Possession is nine-tenths of the law, I contemplated. Which law is that, then; of what country? Could it be universal law? Ghosts take over abandoned homes, it is known – spirits of realms sans home. Could they, the forces of this morning, have taken over my tiny flat – the abode of my son and me?
With the salt of the ocean still in my nostrils and determined to stride into my home like a Judge takes possession of the bench, I placed my key in the lock and turned. I opened the door a crack, pointed the nose of Daniel’s pram at it, and pushed. With Daniel at the helm, we entered our home.
From my viewpoint, I could see Daniel’s hands outstretched and his fingers curling and uncurling, reaching forward as I rolled him through the front hallway on the hardwood floor. As I pushed the pram into the lounge, however, Daniel’s arms retracted – disappeared under the hood of the pram. The lounge felt cool – not cold, but a little too cool for such warmth outdoors. My skin goosebumped.

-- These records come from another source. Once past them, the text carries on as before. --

lemma escape_time_strict_antimono:
  assumes "a < b" "b < z"
    and U_deriv: "\<And>x. 0 < x \<Longrightarrow> (U has_real_derivative deriv U x) (at x)"
    and pos: "\<And>s. s \<in> {a..b} \<Longrightarrow> 0 < s" and g_pos: "\<And>s. s \<in> {a..b} \<Longrightarrow> 0 < g s"
    and diff: "\<And>s. s \<in> {a..b} \<Longrightarrow> g differentiable (at s) \<and> h differentiable (at s)"
    and energy_pos: "\<And>s w. s \<in> {a..b} \<Longrightarrow> s \<le> w \<Longrightarrow> Vpot U h w s < E0 U g h s"
    and escape_condition: "\<And>s. s \<in> {a..b} \<Longrightarrow>
      integral {s..z} (\<lambda>w. deriv (\<lambda>s. 1 / sqrt (2 * (E0 U g h s - Vpot U h w s))) s) < 1 / g s"
  shows "escape_time U g h b z < escape_time U g h a z"
proof (rule DERIV_neg_imp_decreasing[OF \<open>a < b\<close>])
  fix s assume "a \<le> s" "s \<le> b"
  then have s: "s \<in> {a..b}" by simp
  have "((\<lambda>s. escape_time U g h s z) has_real_derivative
      integral {s..z} (\<lambda>w. deriv (\<lambda>s. 1 / sqrt (2 * (E0 U g h s - Vpot U h w s))) s) - 1 / g s) (at s)"
    using escape_time_has_derivative[OF pos[OF s] _ U_deriv] diff[OF s] g_pos[OF s] energy_pos[OF s]
      \<open>s \<le> b\<close> \<open>b < z\<close> by simp
  then show "\<exists>y. ((\<lambda>s. escape_time U g h s z) has_real_derivative y) (at s) \<and> y < 0"
    using escape_condition[OF s] by force
qed
(* Let $0<\varepsilon<1$ and let $E^1=\{uv: \varepsilon w_v<w_u<w_v/\varepsilon\}$ (unordered pairs, $u=v$ allowed) and $N^1_u=\{v\in V: uv\in E^1\}$. Let $\mathcal C'$ be any clustering of $V$ that does not split any atom and such that for every $u\in V$ and every $C\in\mathcal C'$ with $K_u\subsetneq C$ we have $w(u,C)>\frac{|C|}2+\varepsilon w_u$. Then for every $C\in\mathcal C'$ and any $u,v\in C$ with $v\notin K_u$, $$\sum_{p\in N^1_u\cap N^1_v}w_{up}w_{vp}>\varepsilon(w_u+w_v).$$
   Context: A Correlation Clustering instance consists of a finite vertex set $V$ and a partition $E^+\uplus E^-=\binom V2$ of unordered pairs of distinct vertices into $+$edges and $-$edges. $\mathcal K$ is a partition of $V$ into atoms, and every pair of distinct vertices in a common atom is a $+$edge. For $u\in V$, $K_u$ is the atom containing $u$ and $k_u=|K_u|$. For $u,v\in V$ (possibly equal), $w_{uv}=\frac1{k_uk_v}\sum_{u'\in K_u,v'\in K_v}\mathbf 1[u'v'\text{ is a }+\text{edge or }u'=v']\in[0,1]$; for $V'\subseteq V$, $w(u,V')=\sum_{v\in V'}w_{uv}$, and $w_u=w(u,V)$. *)

theory Defs
  imports Complex_Main "HOL-Library.Disjoint_Sets"
begin

text \<open>A Correlation Clustering instance: finite vertex set V, set Ep of +edges
(unordered pairs {u,v} of distinct vertices of V); all other pairs are -edges.\<close>

definition cc_instance :: "'a set \<Rightarrow> 'a set set \<Rightarrow> 'a set set \<Rightarrow> bool" where
  "cc_instance V Ep Katoms \<longleftrightarrow>
     finite V \<and>
     Ep \<subseteq> {{x, y} | x y. x \<in> V \<and> y \<in> V \<and> x \<noteq> y} \<and>
     partition_on V Katoms \<and>
     (\<forall>A\<in>Katoms. \<forall>x\<in>A. \<forall>y\<in>A. x \<noteq> y \<longrightarrow> {x, y} \<in> Ep)"

definition atom_of :: "'a set set \<Rightarrow> 'a \<Rightarrow> 'a set" where
  "atom_of Katoms u = (THE A. A \<in> Katoms \<and> u \<in> A)"

definition wgt :: "'a set set \<Rightarrow> 'a set set \<Rightarrow> 'a \<Rightarrow> 'a \<Rightarrow> real" where
  "wgt Ep Katoms u v =
     (1 / (real (card (atom_of Katoms u)) * real (card (atom_of Katoms v)))) *
     (\<Sum>u'\<in>atom_of Katoms u. \<Sum>v'\<in>atom_of Katoms v.
        (if {u', v'} \<in> Ep \<or> u' = v' then 1 else 0))"

definition wset :: "'a set set \<Rightarrow> 'a set set \<Rightarrow> 'a \<Rightarrow> 'a set \<Rightarrow> real" where
  "wset Ep Katoms u V' = (\<Sum>v\<in>V'. wgt Ep Katoms u v)"

definition wdeg :: "'a set \<Rightarrow> 'a set set \<Rightarrow> 'a set set \<Rightarrow> 'a \<Rightarrow> real" where
  "wdeg V Ep Katoms u = wset Ep Katoms u V"

definition N1 :: "real \<Rightarrow> 'a set \<Rightarrow> 'a set set \<Rightarrow> 'a set set \<Rightarrow> 'a \<Rightarrow> 'a set" where
  "N1 eps V Ep Katoms u = {v \<in> V. eps * wdeg V Ep Katoms v < wdeg V Ep Katoms u \<and>
                                   wdeg V Ep Katoms u < wdeg V Ep Katoms v / eps}"

end

theory Submission
  imports Defs
begin

text \<open>Since \<open>C\<close> contains vertices of two different atoms, no atom equals \<open>C\<close>, so the
  heaviness condition applies to every \<open>p \<in> C\<close>. Together with \<open>w(p,C) \<le> |C|\<close> and
  \<open>w(p,C) \<le> w_p\<close> it gives \<open>\<epsilon> w_p < |C|/2 < w_p\<close>; so all degrees in \<open>C\<close> are
  \<open>\<epsilon>\<close>-close and \<open>C \<subseteq> N\<^sup>1_u \<inter> N\<^sup>1_v\<close>. Finally \<open>a + b - 1 \<le> a b\<close> on \<open>[0,1]\<close> bounds the sum
  over \<open>C\<close> of \<open>w_up w_vp\<close> from below by \<open>w(u,C) + w(v,C) - |C| > \<epsilon> (w_u + w_v)\<close>.\<close>

lemma atom_of_eq:
  assumes "partition_on V Katoms" and "A \<in> Katoms" and "x \<in> A"
  shows "atom_of Katoms x = A"
  unfolding atom_of_def
proof (rule the_equality)
  show "A \<in> Katoms \<and> x \<in> A" using assms by simp
next
  fix B assume "B \<in> Katoms \<and> x \<in> B"
  then show "B = A" using assms unfolding partition_on_def disjoint_def by blast
qed

lemma atom_of_in_partition:
  assumes "partition_on V Katoms" and "x \<in> V"
  shows "atom_of Katoms x \<in> Katoms" and "x \<in> atom_of Katoms x"
proof -
  obtain A where "A \<in> Katoms" "x \<in> A" using assms unfolding partition_on_def by blast
  then show "atom_of Katoms x \<in> Katoms" "x \<in> atom_of Katoms x"
    using atom_of_eq[OF assms(1)] by simp_all
qed

lemma atom_of_subset_cluster:
  assumes atoms: "partition_on V Katoms" and clust: "partition_on V Cl"
    and nosplit: "\<forall>A\<in>Katoms. \<exists>C\<in>Cl. A \<subseteq> C"
    and C: "C \<in> Cl" and p: "p \<in> C"
  shows "atom_of Katoms p \<subseteq> C"
proof -
  have pV: "p \<in> V" using clust C p unfolding partition_on_def by auto
  obtain C' where C': "C' \<in> Cl" "atom_of Katoms p \<subseteq> C'"
    using nosplit atom_of_in_partition[OF atoms pV] by blast
  have "p \<in> C'" using C' atom_of_in_partition(2)[OF atoms pV] by auto
  then have "C' = C" using C' C p clust unfolding partition_on_def disjoint_def by blast
  with C' show ?thesis by simp
qed

lemma atom_of_psubset_cluster:
  assumes atoms: "partition_on V Katoms" and clust: "partition_on V Cl"
    and nosplit: "\<forall>A\<in>Katoms. \<exists>C\<in>Cl. A \<subseteq> C"
    and C: "C \<in> Cl" and p: "p \<in> C"
    and u: "u \<in> C" and v: "v \<in> C" and vu: "v \<notin> atom_of Katoms u"
  shows "atom_of Katoms p \<subset> C"
proof -
  have sub: "atom_of Katoms p \<subseteq> C"
    using atom_of_subset_cluster[OF atoms clust nosplit C p] .
  have "atom_of Katoms p \<noteq> C"
  proof
    assume eq: "atom_of Katoms p = C"
    have "p \<in> V" using clust C p unfolding partition_on_def by auto
    then have "atom_of Katoms u = C"
      using eq u atom_of_eq[OF atoms] atom_of_in_partition(1)[OF atoms] by metis
    with v vu show False by simp
  qed
  with sub show ?thesis by blast
qed

lemma wgt_nonneg: "0 \<le> wgt Ep Katoms u v"
  unfolding wgt_def by (intro mult_nonneg_nonneg sum_nonneg) auto

lemma wgt_le_one: "wgt Ep Katoms u v \<le> 1"
proof -
  \<comment> \<open>No hypotheses needed: an infinite atom has \<open>card = 0\<close>, making \<open>wgt\<close> zero.\<close>
  let ?a = "real (card (atom_of Katoms u))" and ?b = "real (card (atom_of Katoms v))"
  let ?S = "\<Sum>u'\<in>atom_of Katoms u. \<Sum>v'\<in>atom_of Katoms v.
              (if {u', v'} \<in> Ep \<or> u' = v' then 1 else 0::real)"
  have "?S \<le> (\<Sum>u'\<in>atom_of Katoms u. ?b * 1)"
    by (intro sum_mono sum_bounded_above) auto
  then have S: "?S \<le> ?a * ?b" by simp
  show ?thesis
  proof (cases "?a * ?b = 0")
    case False
    then have "?a * ?b > 0" by simp
    with S show ?thesis unfolding wgt_def by (simp add: field_simps)
  qed (auto simp: wgt_def)
qed

lemma wset_le_card: "wset Ep Katoms u C \<le> real (card C)"
  unfolding wset_def using sum_bounded_above[of C "wgt Ep Katoms u" 1] by (simp add: wgt_le_one)

lemma wset_le_wdeg:
  assumes "finite V" and "C \<subseteq> V"
  shows "wset Ep Katoms u C \<le> wdeg V Ep Katoms u"
  unfolding wdeg_def wset_def using assms by (intro sum_mono2) (auto simp: wgt_nonneg)

lemma wdeg_nonneg: "0 \<le> wdeg V Ep Katoms u"
  unfolding wdeg_def wset_def by (intro sum_nonneg) (simp add: wgt_nonneg)

lemma heavy_degree_bounds:
  assumes "finite V" and "C \<subseteq> V" and "0 \<le> eps"
    and heavy: "wset Ep Katoms p C > real (card C) / 2 + eps * wdeg V Ep Katoms p"
  shows "eps * wdeg V Ep Katoms p < real (card C) / 2"
    and "real (card C) / 2 < wdeg V Ep Katoms p"
proof -
  have "0 \<le> eps * wdeg V Ep Katoms p" using assms(3) by (simp add: wdeg_nonneg)
  then show "eps * wdeg V Ep Katoms p < real (card C) / 2"
    and "real (card C) / 2 < wdeg V Ep Katoms p"
    using heavy wset_le_card[of Ep Katoms p C] wset_le_wdeg[OF assms(1,2), of Ep Katoms p]
    by linarith+
qed

lemma N1_memI:
  assumes "p \<in> V" and "0 < eps"
    and "eps * wdeg V Ep Katoms p < c" "c < wdeg V Ep Katoms u"
    and "eps * wdeg V Ep Katoms u < c" "c < wdeg V Ep Katoms p"
  shows "p \<in> N1 eps V Ep Katoms u"
  unfolding N1_def using assms by (auto simp: less_divide_eq mult.commute)

lemma add_le_one_plus_mult:
  fixes a b :: real
  assumes "0 \<le> a" "a \<le> 1" "0 \<le> b" "b \<le> 1"
  shows "a + b \<le> 1 + a * b"
proof -
  have "0 \<le> (1 - a) * (1 - b)" using assms by simp
  then show ?thesis by (simp add: algebra_simps)
qed

lemma wset_add_wset_le_card_plus_common:
  "wset Ep Katoms u C + wset Ep Katoms v C
     \<le> real (card C) + (\<Sum>p\<in>C. wgt Ep Katoms u p * wgt Ep Katoms v p)"
proof -
  have "wset Ep Katoms u C + wset Ep Katoms v C = (\<Sum>p\<in>C. wgt Ep Katoms u p + wgt Ep Katoms v p)"
    unfolding wset_def by (simp add: sum.distrib)
  also have "\<dots> \<le> (\<Sum>p\<in>C. 1 + wgt Ep Katoms u p * wgt Ep Katoms v p)"
    by (intro sum_mono add_le_one_plus_mult wgt_nonneg wgt_le_one)
  also have "\<dots> = real (card C) + (\<Sum>p\<in>C. wgt Ep Katoms u p * wgt Ep Katoms v p)"
    by (simp add: sum.distrib)
  finally show ?thesis .
qed

theorem lemma11:
  fixes V :: "'a set" and Ep Katoms Cl :: "'a set set" and eps :: real
  assumes inst: "cc_instance V Ep Katoms"
    and eps: "0 < eps" "eps < 1"
    and clust: "partition_on V Cl"
    and nosplit: "\<forall>A\<in>Katoms. \<exists>C\<in>Cl. A \<subseteq> C"
    and heavy: "\<forall>u\<in>V. \<forall>C\<in>Cl. atom_of Katoms u \<subset> C \<longrightarrow>
                   wset Ep Katoms u C > real (card C) / 2 + eps * wdeg V Ep Katoms u"
    and C: "C \<in> Cl" and u: "u \<in> C" and v: "v \<in> C" and vu: "v \<notin> atom_of Katoms u"
  shows "(\<Sum>p\<in>N1 eps V Ep Katoms u \<inter> N1 eps V Ep Katoms v.
            wgt Ep Katoms u p * wgt Ep Katoms v p)
         > eps * (wdeg V Ep Katoms u + wdeg V Ep Katoms v)"
proof -
  have atoms: "partition_on V Katoms" and fin: "finite V"
    using inst unfolding cc_instance_def by auto
  have CV: "C \<subseteq> V" using clust C unfolding partition_on_def by auto
  have heavyC: "wset Ep Katoms p C > real (card C) / 2 + eps * wdeg V Ep Katoms p"
    if "p \<in> C" for p
    using heavy CV C atom_of_psubset_cluster[OF atoms clust nosplit C that u v vu] that by blast
  have bounds: "eps * wdeg V Ep Katoms p < real (card C) / 2"
    "real (card C) / 2 < wdeg V Ep Katoms p" if "p \<in> C" for p
    using heavy_degree_bounds[OF fin CV _ heavyC[OF that]] eps(1) by simp_all
  have CN: "C \<subseteq> N1 eps V Ep Katoms u \<inter> N1 eps V Ep Katoms v"
  proof
    fix p assume "p \<in> C"
    then show "p \<in> N1 eps V Ep Katoms u \<inter> N1 eps V Ep Katoms v"
      using CV eps(1) bounds[OF \<open>p \<in> C\<close>] bounds[OF u] bounds[OF v]
      by (blast intro: N1_memI)
  qed
  have "eps * (wdeg V Ep Katoms u + wdeg V Ep Katoms v)
        < wset Ep Katoms u C + wset Ep Katoms v C - real (card C)"
    using heavyC[OF u] heavyC[OF v] by (simp add: algebra_simps)
  also have "\<dots> \<le> (\<Sum>p\<in>C. wgt Ep Katoms u p * wgt Ep Katoms v p)"
    using wset_add_wset_le_card_plus_common[of Ep Katoms u C v] by simp
  also have "\<dots> \<le> (\<Sum>p\<in>N1 eps V Ep Katoms u \<inter> N1 eps V Ep Katoms v.
                    wgt Ep Katoms u p * wgt Ep Katoms v p)"
    using CN fin by (intro sum_mono2) (auto simp: N1_def wgt_nonneg)
  finally show ?thesis .
qed

end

I stepped forward alongside the pram and leaned down to look at Daniel. He looked up at me. His deep brown eyes were like wells of knowledge that Angels would dive into to wash their souls, and resurface to spread their wings of light over hearts darkened by lanterns expired, that never could, anyhow, have shown The Way.
“Peekaboo!” I smiled, and he giggled. I stood back up. I then swooped down again to Daniel’s range of vision and shouted playfully, “PEEK-aboooo!” He squealed with delight.
Having sprinkled the magic of Daniel’s light heart and giggles through the airspace of our home, I unbelted him from the pram, picked him up and placed him on the floor. A lot of sand fell from the pram when I folded it, so I decided to shake it out onto the back patio. At the thought of having to walk through the sleep-out to the patio, I felt nervous. I didn’t know what remnants of energy the sleep-out may hold. ‘They’ were no longer here, I could instantly tell, but something remained in the air, of this morning. Was it energy – or was it memory that lingered, that I could feel in the space of our home?
Rooms do hold energy – or is it memory? How does memory exist – is it an energy? The peace contained in a church, the mental anguish trapped in asylums of yesteryear, the tragedy of Auschwitz. I wonder how Mum felt, having electric shock therapy, and as she could not scream with no doubt a bit between her teeth, what terror sweat from her and dampened the air, settled on the walls, dribbled from the ceiling?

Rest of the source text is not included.